電阻R=100?與電感L=0.5H串聯之電路,其充電5個時
Resist R = 100? Connected circuits with electrosensive L = 0.5H, charged five times.
間常數5?為多少?【解:25m秒】 6、
Constant 5? What is it? 6?
達穩態時,電感視同 ,電流I為
When it's stable, the electric senses are the same.
多少?【解:4安培】
How much?
(t)C
7、 若E=90伏特,R=15KΩ,C=10μF,充
7. If E = 90 volts, R = 15K, C = 10 mF,
電瞬間,電容器視同 此時電流I為多少?【解:6mA】
In the instant, the capacitor looks the same. What's the current I?
8、同上題,達穩態時,電容器視同 ,此時電容器電壓為多少?【解:90V】
8: The same capacitator when it's stable. What's the capacitor's voltage at this time?
L(t)9、
電感器視同
The electrosensors look the same.
若E=100V,R=10Ω,L=50mH,充電瞬間,
If E=100V, R=10, L=50mH, charge instant,
此時電流I為多少?【解:0A】
What's the current?
10、同上題,達穩態時,電感器視同 ,此時電流I為多少?【解:10A】
10, op. cit. When you're stable, the sensor looks the same. What's the current I?
三、練習題
III. PRACTICAL ISSUES
(t)C
1、若E=100伏特,R=1KΩ,C=2μF,試求其充
If E = 100 volts, R = 1K, C = 2 mF, try to fill it.
電時間常數?【解:2mA】
Electricity Time Constant?
2、寫出RC、RL電路在充放電時的充電時間常數公式?【解:重點整理】
2 - Write RC, RL circuits for charging time constant?

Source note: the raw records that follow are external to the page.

lemma AE_PiM_det_fun_ne_0:
  fixes M :: "real measure"
  assumes M: "prob_space M" and sets_M: "sets M = sets borel"
    and atomless: "\<And>x. emeasure M {x} = 0" and I: "finite I"
    and "inj_on \<rho> {..<k}" and "inj_on \<kappa> {..<k}"
    and "\<And>a b. a < k \<Longrightarrow> b < k \<Longrightarrow> (\<rho> a, \<kappa> b) \<in> I"
  shows "AE \<omega> in PiM I (\<lambda>_. M). det_fun k (\<lambda>a b. \<omega> (\<rho> a, \<kappa> b)) \<noteq> 0"
  using assms(5-7)
proof (induction k arbitrary: \<rho> \<kappa>)
  case 0
  then show ?case
    by (simp add: det_fun_def det_dim_zero mat_of_fun_def)
next
  case (Suc k)
  define i where "i = (\<rho> 0, \<kappa> 0)"
  define c where "c \<omega> = det_fun k (\<lambda>a b. \<omega> (\<rho> (Suc a), \<kappa> (Suc b)))"
    for \<omega> :: "_ \<Rightarrow> real"
  define r where "r \<omega> = det_fun (Suc k) (\<lambda>a b. if a = 0 \<and> b = 0 then 0 else \<omega> (\<rho> a, \<kappa> b))"
    for \<omega> :: "_ \<Rightarrow> real"
  have entry_ne_i: "(\<rho> a, \<kappa> b) \<noteq> i" if "a < Suc k" "b < Suc k" "a \<noteq> 0 \<or> b \<noteq> 0" for a b
    using Suc.prems(1,2) that by (auto simp: i_def dest: inj_onD)
  have "AE \<omega> in PiM I (\<lambda>_. M). \<omega> i * c \<omega> + r \<omega> \<noteq> 0"
  proof (rule AE_PiM_affine_coordinate_ne_0[OF M sets_M atomless I])
    show "i \<in> I"
      using Suc.prems(3) by (simp add: i_def)
    show "c \<in> borel_measurable (PiM I (\<lambda>_. M))"
      unfolding c_def using Suc.prems(3)
      by (auto intro!: borel_measurable_det_fun borel_measurable_PiM_component[OF sets_M])
    show "r \<in> borel_measurable (PiM I (\<lambda>_. M))"
      unfolding r_def using Suc.prems(3)
      by (intro borel_measurable_det_fun measurable_If borel_measurable_PiM_component[OF sets_M])
        (auto intro: sets.sets_Collect_const)
    show "c (w(i := y)) = c w" for w y
      unfolding c_def by (rule det_fun_cong) (simp add: entry_ne_i)
    show "r (w(i := y)) = r w" for w y
      unfolding r_def by (rule det_fun_cong) (auto simp: entry_ne_i)
    show "AE \<omega> in PiM I (\<lambda>_. M). c \<omega> \<noteq> 0"
      unfolding c_def using Suc.prems by (intro Suc.IH) (auto simp: inj_on_def)
  qed
  moreover have "det_fun (Suc k) (\<lambda>a b. \<omega> (\<rho> a, \<kappa> b)) = \<omega> i * c \<omega> + r \<omega>" for \<omega>
    using det_fun_Suc_split[of k "\<lambda>a b. \<omega> (\<rho> a, \<kappa> b)"] by (simp add: c_def r_def i_def)
  ultimately show ?case
    by simp
qed

lemma sign_vectors_extend:
  assumes "inj_on \<rho> {..<k}" and "d \<in> sign_vectors k"
  obtains d' where "\<And>i. d' i \<in> {-1, 1}" and "\<And>a. a < k \<Longrightarrow> d' (\<rho> a) = d a"
proof
  define d' where "d' i = (if i \<in> \<rho> ` {..<k} then d (the_inv_into {..<k} \<rho> i) else 1)" for i
  show "d' (\<rho> a) = d a" if "a < k" for a
    using assms(1) that by (simp add: d'_def the_inv_into_f_f)
  show "d' i \<in> {-1, 1}" for i
  proof (cases "i \<in> \<rho> ` {..<k}")
    case True
    then have "the_inv_into {..<k} \<rho> i < k"
      using the_inv_into_into[OF assms(1) True, of "{..<k}"] by simp
    then show ?thesis
      using True assms(2) by (auto simp: d'_def sign_vectors_def PiE_def Pi_def)
  qed (simp add: d'_def)
qed

text \<open>Multiplying the entries of \<open>F\<close> by \<open>d a e b\<close> is a coordinatewise sign change, which
  preserves the symmetric product measure.\<close>
lemma emeasure_nonneg_solvable_sign_flip:
  fixes M :: "real measure"
  assumes M: "prob_space M" and sets_M: "sets M = sets borel" and symm: "distr M borel uminus = M"
    and I: "finite I" and \<rho>: "inj_on \<rho> {..<k}" and \<kappa>: "inj_on \<kappa> {..<k}"
    and in_I: "\<And>a b. a < k \<Longrightarrow> b < k \<Longrightarrow> (\<rho> a, \<kappa> b) \<in> I"
    and d: "d \<in> sign_vectors k" and e: "e \<in> sign_vectors k"
  shows "emeasure (PiM I (\<lambda>_. M))
           {\<omega> \<in> space (PiM I (\<lambda>_. M)). nonneg_solvable k (\<lambda>a b. d a * \<omega> (\<rho> a, \<kappa> b) * e b)}
       = emeasure (PiM I (\<lambda>_. M)) {\<omega> \<in> space (PiM I (\<lambda>_. M)). nonneg_solvable k (\<lambda>a b. \<omega> (\<rho> a, \<kappa> b))}"
proof -
  let ?P = "PiM I (\<lambda>_. M)"
  obtain d' where d': "\<And>i. d' i \<in> {-1, 1}" "\<And>a. a < k \<Longrightarrow> d' (\<rho> a) = d a"
    using sign_vectors_extend[OF \<rho> d] by blast
  obtain e' where e': "\<And>j. e' j \<in> {-1, 1}" "\<And>b. b < k \<Longrightarrow> e' (\<kappa> b) = e b"
    using sign_vectors_extend[OF \<kappa> e] by blast
  define \<phi> where "\<phi> \<omega> = (\<lambda>q\<in>I. (d' (fst q) * e' (snd q)) * \<omega> q)" for \<omega> :: "_ \<Rightarrow> real"
  define E0 where "E0 = {\<omega> \<in> space ?P. nonneg_solvable k (\<lambda>a b. \<omega> (\<rho> a, \<kappa> b))}"
  have \<phi>: "\<phi> \<in> measurable ?P ?P"
    unfolding \<phi>_def by (rule measurable_PiM_scale[OF sets_M])
  have E0_sets: "E0 \<in> sets ?P"
    unfolding E0_def using in_I
    by (intro sets_nonneg_solvable borel_measurable_PiM_component[OF sets_M])
  have "d' (fst q) * e' (snd q) \<in> {-1, 1}" for q
    using d'(1)[of "fst q"] e'(1)[of "snd q"] by auto
  then have "emeasure ?P E0 = emeasure (distr ?P ?P \<phi>) E0"
    unfolding \<phi>_def using distr_PiM_sign_flip[OF M sets_M symm I] by simp
  also have "\<dots> = emeasure ?P (\<phi> -` E0 \<inter> space ?P)"
    by (rule emeasure_distr[OF \<phi> E0_sets])
  also have "\<phi> -` E0 \<inter> space ?P
      = {\<omega> \<in> space ?P. nonneg_solvable k (\<lambda>a b. d a * \<omega> (\<rho> a, \<kappa> b) * e b)}"
  proof -
    have "nonneg_solvable k (\<lambda>a b. \<phi> \<omega> (\<rho> a, \<kappa> b)) = nonneg_solvable k (\<lambda>a b. d a * \<omega> (\<rho> a, \<kappa> b) * e b)"
      for \<omega>
      by (rule nonneg_solvable_cong) (simp add: \<phi>_def in_I d'(2) e'(2))
    moreover have "\<phi> \<omega> \<in> space ?P" if "\<omega> \<in> space ?P" for \<omega>
      using measurable_space[OF \<phi> that] .
    ultimately show ?thesis
      by (auto simp: E0_def)
  qed
  finally show ?thesis
    by (simp add: E0_def)
qed

text \<open>Almost surely the submatrix is nonsingular, and then at least two of its sign rescalings are
  \<open>nonneg_solvable\<close>.\<close>
lemma two_le_sum_emeasure_nonneg_solvable_sign_flips:
  fixes M :: "real measure"
  assumes M: "prob_space M" and sets_M: "sets M = sets borel" and atomless: "\<And>x. emeasure M {x} = 0"
    and I: "finite I" and k: "0 < k" and \<rho>: "inj_on \<rho> {..<k}" and \<kappa>: "inj_on \<kappa> {..<k}"
    and in_I: "\<And>a b. a < k \<Longrightarrow> b < k \<Longrightarrow> (\<rho> a, \<kappa> b) \<in> I"
  defines "P \<equiv> PiM I (\<lambda>_. M)"
    and "E p \<equiv> {\<omega> \<in> space (PiM I (\<lambda>_. M)).
                   nonneg_solvable k (\<lambda>a b. fst p a * \<omega> (\<rho> a, \<kappa> b) * snd p b)}"
  shows "2 \<le> (\<Sum>p \<in> sign_vectors k \<times> sign_vectors k. emeasure P (E p))"
proof -
  interpret prob_space P
    unfolding P_def by (rule prob_space_PiM) (rule M)
  let ?S = "sign_vectors k \<times> sign_vectors k"
  have E_sets: "E p \<in> sets P" for p
    unfolding E_def P_def using in_I
    by (intro sets_nonneg_solvable borel_measurable_times borel_measurable_const
        borel_measurable_PiM_component[OF sets_M])
  have "AE \<omega> in P. det_fun k (\<lambda>a b. \<omega> (\<rho> a, \<kappa> b)) \<noteq> 0"
    unfolding P_def using M sets_M atomless I \<rho> \<kappa> in_I by (rule AE_PiM_det_fun_ne_0)
  then have AE_two: "AE \<omega> in P. 2 \<le> (\<Sum>p\<in>?S. indicator (E p) \<omega> :: ennreal)"
    using AE_space
  proof eventually_elim
    case (elim \<omega>)
    have "{p \<in> ?S. \<omega> \<in> E p} = {p \<in> ?S. nonneg_solvable k (\<lambda>a b. fst p a * \<omega> (\<rho> a, \<kappa> b) * snd p b)}"
      using elim(2) unfolding E_def P_def by blast
    then have "2 \<le> card {p \<in> ?S. \<omega> \<in> E p}"
      using two_le_card_nonneg_solvable_sign_flips[OF k elim(1)] by (simp only:)
    then have "(2 :: ennreal) \<le> of_nat (card {p \<in> ?S. \<omega> \<in> E p})"
      using of_nat_mono[of 2] by fastforce
    moreover have "(\<Sum>p\<in>?S. indicator (E p) \<omega>) = (of_nat (card {p \<in> ?S. \<omega> \<in> E p}) :: ennreal)"
      by (simp add: indicator_def sum.If_cases Int_def)
    ultimately show ?case
      by simp
  qed
  have "2 = (\<integral>\<^sup>+\<omega>. 2 \<partial>P)"
    by (simp add: emeasure_space_1)
  also have "\<dots> \<le> (\<integral>\<^sup>+\<omega>. (\<Sum>p\<in>?S. indicator (E p) \<omega>) \<partial>P)"
    using AE_two by (rule nn_integral_mono_AE)
  also have "\<dots> = (\<Sum>p\<in>?S. emeasure P (E p))"
    using E_sets by (simp add: nn_integral_sum)
  finally show ?thesis .
qed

3、寫出RC、RL電路在充放電時須經多久的時間常數才能達穩態?【解:重點整理】
Three, how long does it take for the RC and RL circuits to get steady when they charge?
4、RC、RL電路在充放電時,開關切入的瞬間(t=0),電容的狀態視同 ,電感的狀
4, RC, RL circuits when charged, the moment of switch cut (t = 0), the capacitor's condition is the same, the electrical senses are the same.
態視同 。【解:重點整理】
Same as always.
5
、
【解:重點整理】
[Setting: Collapse]
電容器充電的電壓曲線圖為何?
What's with the capacitor's voltage curve?
6、同上題,電容器放電時電流曲線圖為何?【解:重點整理】
What's the current curve map when the capacitor discharges?
L(t)7、若E=35V,R=21Ω,L=420mH,試求其充電
L(t)7, if E=35V, R=21, L=420mH, tries to charge it
時間常數?【解:20mH】
Time constant?
8、同上題,再穩態時電感器可視為 ,此時穩態的時間常數為多少?【解:100mH】
8-Supremely, re-stabilization time sensors can be seen as, what is the steady time constant at this time?
9、同第五題的甲乙丙曲線圖,何者為電感器充電電流圖【解:甲】
9. The fifth question is the map of the meth-acetic curve, and what's the electrosensor charge?
10、同第五題的甲乙丙曲線圖,何者為電感器充電電壓圖【解:乙】
10. The fifth question is the map of the meth-acetic curve, and what is the electrosensor charger.
單元七 頻率與週期、相位與向量運算
Unit 7 frequency and periodicity, phase and vector operations
一、重點整理
I. CONCLUSION OF THE CONTEXT
二、例題講解
II. LESSONS ON THE QUESTION
Ex1:求v(t)=1002sin(314t+300)之頻率與週期大小?
Ex1: The frequency and frequency of v(t)=1002sin (314t+300)?
Ex2:將v(t)=1002sin(314t-450)以相量式表示?
Ex2: Express v(t)=1002sin (314t-450) in phase?
Ex3:若v(t)=100sin(377t-300),i(t)=10sin(377t+600);則兩波形之相位差為何?
Ex3: If v(t) = 100sin (377t-300), i(t) = 10sin (377t+600); what is the difference between the two waves?
Ex4:請將A=8-j6以極座標表示;B?10?600以直角座標表示。
Ex4: Indicate A=8-j6 at the polar coordinates; B?10?600 at the straight corner coordinates.
Ex5:若A?10?530,B?5370;則A?BA?B
Ex5: If A? 10.530, B? 5370; A?BA?B?
Ex6:若A=5?j53,B=3?
Ex6: If A=5? j53, B=3?
三、練習題
III. PRACTICAL ISSUES
1. v(t)=50sin(377t-370)之頻率為 ,週期為 。
The frequency of v(t) = 50sin (377t-370) is, and the weekly period is.
2. v(t)=20sin(1000t+530)之相量式為 。 3. 若v1(t)=2sin(314t+600),v2(t)=10cos(377t-450);
v(t)=20sin(1,000t+530) the phase is 3. If v1(t)=2sin(314t+600), v2(t)=10cos(377t-450);
則v1(t)超前v2(t) 度。
And v1(t) is overv2(t) degrees.
j3;則A?B
J3; A? B?
A
B
4. 將C=?6?j6以極座標表示 ;
4. Indicate C = 6?j6 as the polar coordinates;
D?52?1350以直角座標表示。
D?52? 1350 is indicated by the straight corner coordinates.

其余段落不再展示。